Ha dado a veces una imagen de intemperancia que realmente acusaba más bien
la debilidad de su estrategia y la ausencia de un proyecto alentador e
interesante para los ciudadanos. La desatención hacia la cultura, la
educación y la opinión pública es una constante de cierto conservadurismo
más atento a la economía y a la cuestión territorial que a la vida diaria de
los españoles y a la vigencia de los valores éticos en la vida pública. Ya
en situación de precampaña electoral, les seguimos oyendo hablar de
competitividad y de la unidad de España, temas ambos de indudable
importancia, por más que se trate de cuestiones que inquietan mayormente a
votantes fieles al PP y van a arrancar pocas adhesiones fuera de las ya
consolidadas. Mientras tanto, los socialistas están planteando la
confrontación de manera simétrica: con ofertas electoralistas referidas a la
familia, a los jóvenes, a los emigrantes y a los peor situados
económicamente. Se atribuye a un miembro del Gobierno el siguiente
comentario: «Vamos a adelantar al PP por la derecha, y ni siquiera se van a
enterar». Al menos, no parecen haberse percatado hasta el momento.

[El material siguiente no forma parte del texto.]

lemma markov_chain3_function_of_middle:
  "markov_chain3 (map_pmf (\<lambda>x. (\<phi> (\<beta> x), \<beta> x, \<gamma> x)) M)"
  unfolding markov_chain3_def
proof (intro allI)
  fix a b c
  have "(\<lambda>x. (\<phi> (\<beta> x), \<beta> x, \<gamma> x)) -` {(a, b, c)}
          = (if a = \<phi> b then (\<lambda>x. (\<beta> x, \<gamma> x)) -` {(b, c)} else {})"
   and "(\<lambda>x. (\<phi> (\<beta> x), \<beta> x)) -` {(a, b)} = (if a = \<phi> b then \<beta> -` {b} else {})"
    by auto
  then show "pmf (map_pmf (\<lambda>x. (\<phi> (\<beta> x), \<beta> x, \<gamma> x)) M) (a, b, c) *
         pmf (map_pmf (\<lambda>(a, b, c). b) (map_pmf (\<lambda>x. (\<phi> (\<beta> x), \<beta> x, \<gamma> x)) M)) b =
         pmf (map_pmf (\<lambda>(a, b, c). (a, b)) (map_pmf (\<lambda>x. (\<phi> (\<beta> x), \<beta> x, \<gamma> x)) M)) (a, b) *
         pmf (map_pmf (\<lambda>(a, b, c). (b, c)) (map_pmf (\<lambda>x. (\<phi> (\<beta> x), \<beta> x, \<gamma> x)) M)) (b, c)"
    by (simp add: map_pmf_comp pmf_map)
qed

lemma markov_chain3_pmf_factor:
  fixes J :: "('q \<times> 'y) pmf"
  assumes "markov_chain3 (map_pmf (\<lambda>(q, y). (q, f y, y)) J)"
  shows "pmf J (q, y) * pmf (map_pmf f (map_pmf snd J)) (f y)
       = pmf (map_pmf (\<lambda>(q, y). (q, f y)) J) (q, f y) * pmf (map_pmf snd J) y"
proof -
  let ?M = "map_pmf (\<lambda>(q, y). (q, f y, y)) J"
  have inj1: "inj (\<lambda>(q, y). (q, f y, y))" and inj2: "inj (\<lambda>y. (f y, y))"
    by (auto intro: injI)
  have "pmf ?M (q, f y, y) = pmf J (q, y)"
    using pmf_map_inj'[OF inj1, of J "(q, y)"] by simp
  moreover have "map_pmf (\<lambda>(a, b, c). b) ?M = map_pmf f (map_pmf snd J)"
    and "map_pmf (\<lambda>(a, b, c). (a, b)) ?M = map_pmf (\<lambda>(q, y). (q, f y)) J"
    and "map_pmf (\<lambda>(a, b, c). (b, c)) ?M = map_pmf (\<lambda>y. (f y, y)) (map_pmf snd J)"
    by (simp_all add: map_pmf_comp split_def)
  moreover have "pmf (map_pmf (\<lambda>y. (f y, y)) (map_pmf snd J)) (f y, y) = pmf (map_pmf snd J) y"
    using pmf_map_inj'[OF inj2] .
  ultimately show ?thesis
    using assms[unfolded markov_chain3_def, rule_format, of q "f y" y] by simp
qed

lemma pmf_mult_fibre_le:
  fixes Y :: "('q \<times> 'y::finite) pmf" and C :: "'y \<Rightarrow> 'c"
  assumes const: "\<And>y'. y' \<in> set_pmf (map_pmf snd Y) \<Longrightarrow> C y' = C y \<Longrightarrow>
      pmf Y (q, y) * pmf (map_pmf snd Y) y' = pmf Y (q, y') * pmf (map_pmf snd Y) y"
  shows "pmf Y (q, y) * pmf (map_pmf C (map_pmf snd Y)) (C y)
       \<le> pmf (map_pmf fst Y) q * pmf (map_pmf snd Y) y"
proof -
  let ?P = "map_pmf snd Y"
  have "pmf (map_pmf C ?P) (C y) = (\<Sum>y'\<in>C -` {C y}. pmf ?P y')"
    unfolding pmf_map[of C] by (rule measure_measure_pmf_finite) simp
  then have "pmf Y (q, y) * pmf (map_pmf C ?P) (C y) = (\<Sum>y'\<in>C -` {C y}. pmf Y (q, y) * pmf ?P y')"
    by (simp add: sum_distrib_left)
  also have "\<dots> = (\<Sum>y'\<in>C -` {C y}. pmf Y (q, y') * pmf ?P y)"
  proof (rule sum.cong)
    fix y' assume y': "y' \<in> C -` {C y}"
    show "pmf Y (q, y) * pmf ?P y' = pmf Y (q, y') * pmf ?P y"
    proof (cases "y' \<in> set_pmf ?P")
      case True
      then show ?thesis using const y' by simp
    next
      case False
      then have "(q, y') \<notin> set_pmf Y" by force
      then show ?thesis using False by (simp add: set_pmf_iff del: set_map_pmf)
    qed
  qed simp
  also have "\<dots> \<le> (\<Sum>y'\<in>UNIV. pmf Y (q, y')) * pmf ?P y"
    by (simp add: sum_distrib_right[symmetric] mult_right_mono sum_mono2)
  also have "(\<Sum>y'\<in>UNIV. pmf Y (q, y')) = pmf (map_pmf fst Y) q"
  proof -
    have "pmf (map_pmf fst Y) q = measure Y (range (Pair q))"
      unfolding pmf_map by (rule arg_cong[where f="measure Y"]) auto
    also have "\<dots> = (\<Sum>y'\<in>UNIV. pmf Y (q, y'))"
      by (subst measure_measure_pmf_finite) (auto simp: sum.reindex inj_on_def)
    finally show ?thesis ..
  qed
  finally show ?thesis .
qed

lemma gk_component_eq_Inr:
  assumes "(a, b) \<in> set_pmf p"
  shows "gk_component p (a, b) = (gk_edges p)\<^sup>* `` {Inr b}"
proof -
  have "(Inl a, Inr b) \<in> gk_edges p" "(Inr b, Inl a) \<in> gk_edges p"
    using assms by (auto simp: gk_edges_def pmf_positive)
  then show ?thesis
    unfolding gk_component_def by (auto intro: converse_rtrancl_into_rtrancl)
qed

lemma map_pmf_gk_component_snd:
  "map_pmf (gk_component p) p = map_pmf (\<lambda>b. (gk_edges p)\<^sup>* `` {Inr b}) (map_pmf snd p)"
  unfolding map_pmf_comp by (rule map_pmf_cong) (auto simp: gk_component_eq_Inr)

definition gk_joint :: "('a::finite \<times> 'b::finite) pmf \<Rightarrow> (nat \<times> 'a \<times> 'b) pmf" where
  "gk_joint p = map_pmf (\<lambda>y. (to_nat (gk_component p y), y)) p"

lemma admissible_Q_gk_joint: "admissible_Q p (gk_joint p)"
proof -
  define L where "L a = to_nat ((gk_edges p)\<^sup>* `` {Inl a})" for a
  define R where "R b = to_nat ((gk_edges p)\<^sup>* `` {Inr b})" for b
  have "map_pmf (\<lambda>(q, x1, x2). (q, x1, (x1, x2))) (gk_joint p) = map_pmf (\<lambda>y. (L (fst y), fst y, y)) p"
    unfolding gk_joint_def map_pmf_comp by (simp add: L_def gk_component_def split_def)
  moreover have "map_pmf (\<lambda>(q, x1, x2). (q, x2, (x1, x2))) (gk_joint p) = map_pmf (\<lambda>y. (R (snd y), snd y, y)) p"
    unfolding gk_joint_def map_pmf_comp
    by (rule map_pmf_cong) (auto simp: R_def gk_component_eq_Inr)
  ultimately show ?thesis
    using markov_chain3_function_of_middle[of L fst "\<lambda>y. y" p]
      markov_chain3_function_of_middle[of R snd "\<lambda>y. y" p]
    by (simp add: admissible_Q_def gk_joint_def map_pmf_comp)
qed

lemma pmf_mi_gk_joint:
  "pmf_mi (map_pmf (\<lambda>(q, x1, x2). (q, (x1, x2))) (gk_joint p)) = C_GK p"
proof -
  have "map_pmf (\<lambda>(q, x1, x2). (q, (x1, x2))) (gk_joint p)
      = map_pmf (\<lambda>y. ((to_nat \<circ> gk_component p) y, y)) p"
    unfolding gk_joint_def map_pmf_comp by simp
  then show ?thesis
    by (simp add: pmf_mi_graph C_GK_def pmf_entropy_map_pmf_inj inj_to_nat flip: map_pmf_comp)
qed

lemma admissible_Q_pmf_factor:
  assumes "admissible_Q p J"
  defines "Y \<equiv> map_pmf (\<lambda>(q, x1, x2). (q, (x1, x2))) J"
  shows "finite (set_pmf Y)" and "map_pmf snd Y = p"
    and "pmf Y (q, y) * pmf (map_pmf fst p) (fst y)
         = pmf (map_pmf (\<lambda>(q, y). (q, fst y)) Y) (q, fst y) * pmf p y"
    and "pmf Y (q, y) * pmf (map_pmf snd p) (snd y)
         = pmf (map_pmf (\<lambda>(q, y). (q, snd y)) Y) (q, snd y) * pmf p y"
proof -
  have fin: "finite (set_pmf J)" and marg: "map_pmf snd J = p"
    and mc1: "markov_chain3 (map_pmf (\<lambda>(q, x1, x2). (q, x1, (x1, x2))) J)"
    and mc2: "markov_chain3 (map_pmf (\<lambda>(q, x1, x2). (q, x2, (x1, x2))) J)"
    using assms(1) by (auto simp: admissible_Q_def)
  show "finite (set_pmf Y)" using fin by (simp add: Y_def)
  show sndY: "map_pmf snd Y = p"
    unfolding Y_def map_pmf_comp marg[symmetric] by (rule map_pmf_cong) auto
  have "markov_chain3 (map_pmf (\<lambda>(q, y). (q, fst y, y)) Y)"
    and "markov_chain3 (map_pmf (\<lambda>(q, y). (q, snd y, y)) Y)"
    using mc1 mc2 by (simp_all add: Y_def map_pmf_comp split_def)
  from this[THEN markov_chain3_pmf_factor] show
    "pmf Y (q, y) * pmf (map_pmf fst p) (fst y)
       = pmf (map_pmf (\<lambda>(q, y). (q, fst y)) Y) (q, fst y) * pmf p y"
    "pmf Y (q, y) * pmf (map_pmf snd p) (snd y)
       = pmf (map_pmf (\<lambda>(q, y). (q, snd y)) Y) (q, snd y) * pmf p y"
    by (simp_all add: sndY)
qed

La
consabida llamada de atención que en unas elecciones de Estados Unidos
podría traducirse así: «¡Es la familia, imbécil!»
Las próximas elecciones
Una segunda legislatura del PSOE supondría consagrar los efectos
perjudiciales de la catástrofe del 11-M. Mas, para evitar este riesgo, es
imprescindible una toma de conciencia más aguda, por parte de los ciudadanos
responsables, de la importancia de las costumbres, las ideas, la enseñanza y
la cultura, asuntos más básicos que la buena marcha de la economía e incluso
que el orden público. Es mucho lo que nos jugamos dentro de cuatro meses.
Por otra parte, el Partido Popular, que dejó pasar la oportunidad de su
renovación a fondo tras el varapalo de marzo de 2004, debe adecuar su
estrategia, su mensaje, su programa y su imagen a la España real a la que se
dirige, a la voz de la calle, a las vivencias y opiniones de la gente
corriente y común.
La aceleración y complejidad del discurrir de la sociedad actual hacen que
el acaecer de estos pocos años transcurridos tras el 11-M, la historia más
reciente de España pueda convertirse en maestra de nuestra vida pública.
Permanezcamos atentos a sus enseñanzas.